After an initial flush of enthusiasm, discontent with behavior therapy grew. There were a number of reasons for this, an important one of which was the fact that behavior therapy did not deal with the internal thoughts which were so obviously central to the distress that many patients were experiencing. In particular, behavior therapy proved inadequate when it came to the treatment of depression. In the late 1960s and early 1970s a treatment for depression was developed called cognitive therapy. The pioneer in this enterprise was an American psychiatrist, Professor Aaron T. Beck. He developed a theory of depression which emphasized the importance of peoples depressed styles of thinking, and, on the basis of this theory, he specified a new form of therapy. It would not be an exaggeration to say that Becks work has changed the nature of psychotherapy, not just for depression but for a range of psychological problems.
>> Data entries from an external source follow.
text \<open>The algebra A: complex functions on subsets of {1..n} (represented as
  functions nat set => complex, only values on subsets of {1..n} matter).\<close>

definition aconv :: "(nat set \<Rightarrow> complex) \<Rightarrow> (nat set \<Rightarrow> complex) \<Rightarrow> nat set \<Rightarrow> complex" where
  "aconv f g I = (\<Sum>J\<in>Pow I. f J * g (I - J))"

definition aunit :: "nat set \<Rightarrow> complex" where
  "aunit I = (if I = {} then 1 else 0)"

definition ainv :: "nat \<Rightarrow> (nat set \<Rightarrow> complex) \<Rightarrow> nat set \<Rightarrow> complex" where
  "ainv n f = (THE g. (\<forall>I. I \<subseteq> {1..n} \<longrightarrow> aconv f g I = aunit I)
                    \<and> (\<forall>I. \<not> I \<subseteq> {1..n} \<longrightarrow> g I = 0))"

definition Dop :: "nat set \<Rightarrow> (nat set \<Rightarrow> complex) \<Rightarrow> nat set \<Rightarrow> complex" where
  "Dop I f J = (if I \<inter> J = {} then f (I \<union> J) else 0)"

definition Psi :: "(nat \<Rightarrow> nat \<Rightarrow> complex) \<Rightarrow> nat set \<Rightarrow> complex" where
  "Psi \<zeta> I = (\<Prod>(i, j)\<in>{(i, j). i \<in> I \<and> j \<in> I \<and> i < j}. 1 + \<zeta> i j)"

end

theory Submission
  imports Defs
begin

(* Write g(I,J) = (G * D_I Psi)(J) with G the *-inverse of Psi.
   For I = {} this is (G * Psi)(J) = delta_{J,{}} = h({},J).  For I nonempty pick
   i = iota(I) and I' = I - {i}.  Splitting off the factors of Psi that contain i,
     D_I Psi(J) = prod_{j in I'} (1 + zeta_ji) * sum_{K <= J} (prod_{k in K} zeta_ki) * D_{I' u K} Psi(J - K),
   and this recursion survives convolution with G on the left.  Taking norms,
   bounding |prod_{j in I'} (1 + zeta_ji)| by exp(2 b_i) via the choice of iota, and
   inducting on |I| + |J| (which drops by one in every recursive call) gives |g| <= h. *)

text \<open>A recursively defined right *-inverse of f when f {} = 1: the equation
  (f * g)(I) = 0 for nonempty I determines g(I) from g on smaller sets.\<close>
function conv_rinv :: "(nat set \<Rightarrow> complex) \<Rightarrow> nat set \<Rightarrow> complex" where
  "conv_rinv f I = (if finite I \<and> I \<noteq> {} then
      - (\<Sum>J\<in>{J\<in>Pow I. J \<noteq> {}}. f J * conv_rinv f (I - J)) else (if I = {} then 1 else 0))"
  by auto
termination
  by (relation "measure (\<lambda>(f, I). card I)") (auto intro!: psubset_card_mono)

declare conv_rinv.simps[simp del]

lemma aconv_split_empty:
  assumes "finite I"
  shows "aconv f g I = f {} * g I + (\<Sum>J\<in>{J\<in>Pow I. J \<noteq> {}}. f J * g (I - J))"
proof -
  have nonempty_split: "Pow I = insert {} {J\<in>Pow I. J \<noteq> {}}" by auto
  have "aconv f g I = (\<Sum>J\<in>insert {} {J\<in>Pow I. J \<noteq> {}}. f J * g (I - J))"
    unfolding aconv_def by (simp only: nonempty_split[symmetric])
  also have "\<dots> = f {} * g I + (\<Sum>J\<in>{J\<in>Pow I. J \<noteq> {}}. f J * g (I - J))"
    by (subst sum.insert) (use assms in auto)
  finally show ?thesis .
qed

lemma aconv_commute: "aconv f g I = aconv g f I"
  unfolding aconv_def
  by (rule sum.reindex_bij_witness[where i = "\<lambda>J. I - J" and j = "\<lambda>J. I - J"])
     (auto simp: Diff_Diff_Int inf.absorb2 mult.commute)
In recent years the techniques introduced by Beck have been merged with the techniques developed earlier by the behavior therapists to produce a therapeutic approach which has come to be known as cognitive behavioral therapy (or CBT). There are two reasons why this form of treatment has come to be so important within the field of psychotherapy. First, cognitive therapy, as originally described by Beck and developed by his successors, has been subjected to the strictest scientific testing; and it has been found to be a highly successful treatment for a significant proportion of cases of depression. Not only has it proved to be as effective as the best alternative treatments (except in the most severe cases, where medication is required), but some studies suggest that people treated successfully with cognitive behavior therapy are less likely to experience a later recurrence of their depression than people treated successfully with other forms of therapy (such as anti-depressant medication). Second, it has become clear that specific patterns of thinking are associated with a range of psychological problems and that treatments which deal with these styles of thinking are highly effective. So, specific cognitive behavioral treatments have been developed for a range of anxiety disorders, such as panic disorder, generalized anxiety disorder, specific phobias, social phobia, obsessive compulsive disorders, and health anxiety, as well as for other conditions such as drug addictions, and eating disorders like anorexia nervosa and bulimia nervosa. Indeed, cognitive behavioral techniques have been found to have an application beyond the narrow categories of psychological disorders. They have been applied effectively, for example, to helping people with weight problems, couples with marital difficulties, as well as those who wish to give up smoking or deal with drinking problems. They have also been effectively applied to dealing with low self-esteem.